Whenever a new DSLR model is announce there's a 99% chance that it will have more pixels than earlier similar models - and the 7D is no exception. With 18MP, it's currently (11/09) the highest pixel count APS-C sensor camera available. More pixels usually mean smaller pixels and smaller pixels can lead to higher noise, so the question is whether the increase in pixel count has resulted in higher noise (and lower image quality). Higher noise can always be suppressed by using stronger noise reduction algorithms, but stronger noise reduction results in lowered image quality, so digital noise reduction isn't a cure-all.
You might think that a noise comparison would be easy. Just take a shot with a 7D and a another camera and see which has most noise. Sounds easy but in reality it's not quite that simple. For one thing, when printed at the same ppi (pixels per inch), the image from the 7D would be larger then those from, say, and EOS 40D. If printed at the same size, the 40D image would have to be upsized or the 7D image would have to be downsized - and downsizing can lower the noise level (by averaging pixels).
Then there is the fact that the 5D and 40D apply different degrees of default noise reduction to high ISO images. Even with high ISO noise reduction off there is still some default noise reduction applied to JPEGs, You can shoot RAW of course, and with RAW it is possible to turn all noise reduction off, but is that fair? Would you ever actually shoot at high ISO with no noise reduction applied? If you apply some noise reduction how much is resolution compromised? How much noise reduction can you apply to a 7D image before resolution drops lower than a 40D image - and so you need that much noise reduction for equal noise levels?
Below are a set of images showing noise at ISO 3200. These were shot as RAW images and converted to JPEGs using Canon's DPP software with the noise reduction turned off, set to the 40D default noise reduction and set to the EOS 7D default noise reduction. By "default" noise reduction I mean with noise reduction set to "standard". The EOS 40D images (top row) have been upsized by 133% to equalize the scale.
I think it's evident that the EOS 7D images show slightly lower noise and are "cleaner" than the 40D images. Canon seem to have done an excellent job in retaining low noise while decreasing pixel size and increasing resolution.
One way in which lower noise was accomplished was by using a new "gapless" microlens structure for the sensor to increase capture efficiency. The microlenses collect light from over the whole area of the sensor and each lens concentrates light onto the pixel well which contains the active area of the photodiode below.
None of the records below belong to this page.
lemma biprod_replace_fst:
  assumes b: "biprod C A B W i1 i2 p1 p2" and iso: "iso C A' A"
  shows "\<exists>j1 q1. biprod C A' B W j1 i2 q1 p2"
proof -
  obtain a a' where a: "a \<in> Hom C A' A" and a': "a' \<in> Hom C A A'"
    and a'a: "comp C a' a = idm C A'" and aa': "comp C a a' = idm C A"
    using iso unfolding iso_def by blast
  from b have i1: "i1 \<in> Hom C A W" and i2: "i2 \<in> Hom C B W"
    and p1: "p1 \<in> Hom C W A" and p2: "p2 \<in> Hom C W B"
    and p1i1: "comp C p1 i1 = idm C A" and p2i1: "comp C p2 i1 = zer C A B"
    and p1i2: "comp C p1 i2 = zer C B A"
    and split: "plus C (comp C i1 p1) (comp C i2 p2) = idm C W"
    unfolding biprod_def by auto
  have "comp C (comp C a' p1) (comp C i1 a) = comp C a' (comp C p1 (comp C i1 a))"
    using comp_assoc[OF comp_Hom[OF a i1] p1 a'] by simp
  also have "comp C p1 (comp C i1 a) = a"
    using comp_assoc[OF a i1 p1] p1i1 comp_id_left[OF a] by simp
  finally have 1: "comp C (comp C a' p1) (comp C i1 a) = idm C A'"
    using a'a by simp
  have 2: "comp C p2 (comp C i1 a) = zer C A' B"
    using comp_assoc[OF a i1 p2] p2i1 comp_zer_left[OF a] Hom_Ob p2 by auto
  have 3: "comp C (comp C a' p1) i2 = zer C B A'"
    using comp_assoc[OF i2 p1 a'] p1i2 comp_zer_right[OF a'] Hom_Ob i2 by auto
  have "comp C (comp C i1 a) (comp C a' p1) = comp C i1 (comp C a (comp C a' p1))"
    using comp_assoc[OF comp_Hom[OF p1 a'] a i1] by simp
  also have "comp C a (comp C a' p1) = p1"
    using comp_assoc[OF p1 a' a] aa' comp_id_left[OF p1] by simp
  finally have 4: "plus C (comp C (comp C i1 a) (comp C a' p1)) (comp C i2 p2) = idm C W"
    using split by simp
  have "biprod C A' B W (comp C i1 a) i2 (comp C a' p1) p2"
    using b 1 2 3 4 Hom_Ob a comp_Hom a' i1 p1 unfolding biprod_def by auto
  thus ?thesis by blast
qed

lemma biprod_replace_snd:
  assumes "biprod C A B W i1 i2 p1 p2" and "iso C B' B"
  shows "\<exists>j2 q2. biprod C A B' W i1 j2 p1 q2"
  using biprod_replace_fst[OF biprod_swap[OF assms(1)] assms(2)] biprod_swap by blast

lemma biprod_comparison_comp_inj:
  assumes b: "biprod C A B W i1 i2 p1 p2" and b': "biprod C A B W' j1 j2 q1 q2"
  shows "comp C (plus C (comp C i1 q1) (comp C i2 q2)) j1 = i1"
proof -
  from b have i1: "i1 \<in> Hom C A W" and i2: "i2 \<in> Hom C B W"
    unfolding biprod_def by auto
  from b' have j1: "j1 \<in> Hom C A W'" and q1: "q1 \<in> Hom C W' A" and q2: "q2 \<in> Hom C W' B"
    and q1j1: "comp C q1 j1 = idm C A" and q2j1: "comp C q2 j1 = zer C A B"
    unfolding biprod_def by auto
  have "comp C (plus C (comp C i1 q1) (comp C i2 q2)) j1
      = plus C (comp C i1 (comp C q1 j1)) (comp C i2 (comp C q2 j1))"
    using comp_plus_right[OF comp_Hom[OF q1 i1] comp_Hom[OF q2 i2] j1]
      comp_assoc[OF j1 q1 i1] comp_assoc[OF j1 q2 i2] by simp
  also have "\<dots> = i1"
    using q1j1 q2j1 comp_id_right[OF i1] comp_zer_right[OF i2] plus_zer_right[OF i1] Hom_Ob i1
    by simp
  finally show ?thesis .
qed

lemma biprod_unique_iso:
  assumes b: "biprod C A B W i1 i2 p1 p2" and b': "biprod C A B W' j1 j2 q1 q2"
  shows "iso C W W'"
proof -
  from b have i1: "i1 \<in> Hom C A W" and i2: "i2 \<in> Hom C B W"
    and p1: "p1 \<in> Hom C W A" and p2: "p2 \<in> Hom C W B"
    and split: "plus C (comp C i1 p1) (comp C i2 p2) = idm C W"
    unfolding biprod_def by auto
  from b' have j1: "j1 \<in> Hom C A W'" and j2: "j2 \<in> Hom C B W'"
    and q1: "q1 \<in> Hom C W' A" and q2: "q2 \<in> Hom C W' B"
    and split': "plus C (comp C j1 q1) (comp C j2 q2) = idm C W'"
    unfolding biprod_def by auto
  define \<phi> where "\<phi> = plus C (comp C j1 p1) (comp C j2 p2)"
  define \<psi> where "\<psi> = plus C (comp C i1 q1) (comp C i2 q2)"
  have \<phi>: "\<phi> \<in> Hom C W W'" unfolding \<phi>_def using plus_Hom comp_Hom i1 i2 p1 p2 j1 j2 by blast
  have \<psi>: "\<psi> \<in> Hom C W' W" unfolding \<psi>_def using plus_Hom comp_Hom i1 i2 q1 q2 by blast
  have \<phi>_commute: "\<phi> = plus C (comp C j2 p2) (comp C j1 p1)"
    unfolding \<phi>_def using plus_commute comp_Hom p1 p2 j1 j2 by blast
  have \<psi>_commute: "\<psi> = plus C (comp C i2 q2) (comp C i1 q1)"
    unfolding \<psi>_def using plus_commute comp_Hom i1 i2 q1 q2 by blast
  have \<psi>j: "comp C \<psi> j1 = i1" "comp C \<psi> j2 = i2"
    using biprod_comparison_comp_inj[OF b b'] \<psi>_def
      biprod_comparison_comp_inj[OF biprod_swap[OF b] biprod_swap[OF b']] \<psi>_commute by simp_all
  have \<phi>i: "comp C \<phi> i1 = j1" "comp C \<phi> i2 = j2"
    using biprod_comparison_comp_inj[OF b' b] \<phi>_def
      biprod_comparison_comp_inj[OF biprod_swap[OF b'] biprod_swap[OF b]] \<phi>_commute by simp_all
  have "comp C \<psi> \<phi> = plus C (comp C (comp C \<psi> j1) p1) (comp C (comp C \<psi> j2) p2)"
    unfolding \<phi>_def using comp_plus_left[OF comp_Hom[OF p1 j1] comp_Hom[OF p2 j2] \<psi>]
      comp_assoc[OF p1 j1 \<psi>] comp_assoc[OF p2 j2 \<psi>] by simp
  hence \<psi>\<phi>: "comp C \<psi> \<phi> = idm C W" using \<psi>j split by simp
  have "comp C \<phi> \<psi> = plus C (comp C (comp C \<phi> i1) q1) (comp C (comp C \<phi> i2) q2)"
    unfolding \<psi>_def using comp_plus_left[OF comp_Hom[OF q1 i1] comp_Hom[OF q2 i2] \<phi>]
      comp_assoc[OF q1 i1 \<phi>] comp_assoc[OF q2 i2 \<phi>] by simp
  hence \<phi>\<psi>: "comp C \<phi> \<psi> = idm C W'" using \<phi>i split' by simp
  show ?thesis unfolding iso_def using \<phi> \<psi> \<psi>\<phi> \<phi>\<psi> by blast
qed

lemma hom_nz_retract:
  assumes a: "a \<in> Hom C W W'" and b: "b \<in> Hom C W' W" and ba: "comp C b a = idm C W"
    and nz: "hom_nz C W i Z"
  shows "hom_nz C W' i Z"
proof -
  obtain Z' f where Z': "Z' \<in> shifts C i Z" and f: "f \<in> Hom C W Z'" and f_nz: "f \<noteq> zer C W Z'"
    using nz unfolding hom_nz_def by blast
  have "comp C f b \<noteq> zer C W' Z'"
  proof
    assume "comp C f b = zer C W' Z'"
    hence "comp C (comp C f b) a = zer C W Z'"
      using comp_zer_left[OF a] Hom_Ob f by simp
    thus False using comp_assoc[OF a b f] ba comp_id_right[OF f] f_nz by simp
  qed
  thus ?thesis unfolding hom_nz_def using Z' comp_Hom[OF b f] by blast
qed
In addition Canon's fabrication process has been improved to achieve a higher conversion rate of light into signal and changes in microfabrication have enabled the gaps around the individual photodiodes to be reduced, allowing each photofiode to have a larger photosensitive area than was previously possible. All these changes combined have permitted a higher pixel density to be used with no increase in noise.
The sequence of images below show noise performance (with "standard" noise reduction) from ISO 100 to ISO 12800 (H).
Noise at ISO settings of 100-800 show little noise. At ISO 1600 you can see some noise and there's a slight softening of detail which gets stronger at ISO 3200. However even at ISO 3200 image quality is very good as long as you don't want to make large prints. Image degradation at ISO 6400 is noticeable and ISO 12800 (H) is probably best left for use in emergency situations unless you only want small prints. However that's not to say it's not useful. The image below was shot at ISO 12800
As you can see, the above image looks pretty good on the web, and would make a good small print. However if you look closely at the original full size image the noise is quite high as shown in the 100% crop from the original shown on the left.
The image was shot in very dim light as you can tell from the exposure information. 1/4s at f5 and ISO 12800 means that there was barely enough light to focus. It was shot after sunset. The crop on the left is from a JPEG using the standard noise reduction setting. You can certainly see both luminance and chrominance noise and a blurring of detail due to the noise reduction algorithm. A 30x45 print wouldn't look very good but a 4x6 or 5x7 print would be just fine and you could probably even get a decent 8x10 with a little work.
The bottom line here is that for all practical purposes, the smaller pixels of the EOS 7D do not lead to higher noise levels than those of the EOS 40D and 50D in the final prints, and they do yield higher resolution images. Again, the differences will be most visible in large prints. If you are only printing small prints you may not see much of a difference between images shot with the EOS 7D and EOS 50D.